[Collected data entries]
(* Let $(x_n)_{n\in\mathbb N}$ be a block sequence in $J$, let $0<\epsilon<1$ and $\alpha>0$. Assume $I_\infty^*(x_n)=0$ and $\big|\|x_n\|-\alpha\big|<\alpha\epsilon$ for all $n$. Then for every finitely supported sequence of reals $(\lambda_n)$, $(1-\epsilon)\alpha\big(\sum_n\lambda_n^2\big)^{1/2}\le\big\|\sum_n\lambda_nx_n\big\|\le\sqrt2(1+\epsilon)\alpha\big(\sum_n\lambda_n^2\big)^{1/2}$. In particular $(x_n)$ is equivalent to the unit vector basis of $\ell_2$.
   Context: The James space $J$ is the space of real sequences $x=(x(n))_{n\in\mathbb N}$ with $\|x\|=\sup\big(\sum_{i=1}^m|\sum_{k\in I_i}x(k)|^2\big)^{1/2}<\infty$, the supremum taken over all $m$ and all pairwise disjoint finite intervals $I_1,\dots,I_m$ of $\mathbb N$. The unit vectors $(e_n)$ form a basis of $J$; a block sequence is a sequence of nonzero finitely supported vectors with $\max\operatorname{supp}x_n<\min\operatorname{supp}x_{n+1}$. $I_\infty^*\in J^*$ is the functional $I_\infty^*(x)=\sum_{n=1}^\infty x(n)$. *)

theory Defs
  imports "HOL-Analysis.Analysis"
begin

definition fin_interval :: "nat set \<Rightarrow> bool" where
  "fin_interval I \<longleftrightarrow> (\<exists>a b. a \<le> b \<and> I = {a..b})"

definition interval_families :: "nat set set set" where
  "interval_families = {P. finite P \<and> (\<forall>I\<in>P. fin_interval I) \<and> pairwise disjnt P}"

definition james_norm :: "(nat \<Rightarrow> real) \<Rightarrow> real" where
  "james_norm x = (SUP P \<in> interval_families. sqrt (\<Sum>I\<in>P. (\<Sum>k\<in>I. x k)\<^sup>2))"

definition in_James :: "(nat \<Rightarrow> real) \<Rightarrow> bool" where
  "in_James x \<longleftrightarrow> bdd_above ((\<lambda>P. sqrt (\<Sum>I\<in>P. (\<Sum>k\<in>I. x k)\<^sup>2)) ` interval_families)"

definition supp :: "(nat \<Rightarrow> real) \<Rightarrow> nat set" where
  "supp x = {k. x k \<noteq> 0}"

definition I_infty :: "(nat \<Rightarrow> real) \<Rightarrow> real" where
  "I_infty x = (\<Sum>n. x n)"

definition block_sequence :: "(nat \<Rightarrow> nat \<Rightarrow> real) \<Rightarrow> bool" where
  "block_sequence xs \<longleftrightarrow>
     (\<forall>n. xs n \<noteq> (\<lambda>_. 0) \<and> finite (supp (xs n))) \<and>
     (\<forall>n. Max (supp (xs n)) < Min (supp (xs (Suc n))))"

end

INSTRUCTIONS FOR THE TASK ▸ Look through the entries above; find each line with the word "where" and copy it.

ANSWER TO THE PROBLEM ▸
definition fin_interval :: "nat set \<Rightarrow> bool" where
definition interval_families :: "nat set set set" where
definition james_norm :: "(nat \<Rightarrow> real) \<Rightarrow> real" where
definition in_James :: "(nat \<Rightarrow> real) \<Rightarrow> bool" where
definition supp :: "(nat \<Rightarrow> real) \<Rightarrow> nat set" where
definition I_infty :: "(nat \<Rightarrow> real) \<Rightarrow> real" where
definition block_sequence :: "(nat \<Rightarrow> nat \<Rightarrow> real) \<Rightarrow> bool" where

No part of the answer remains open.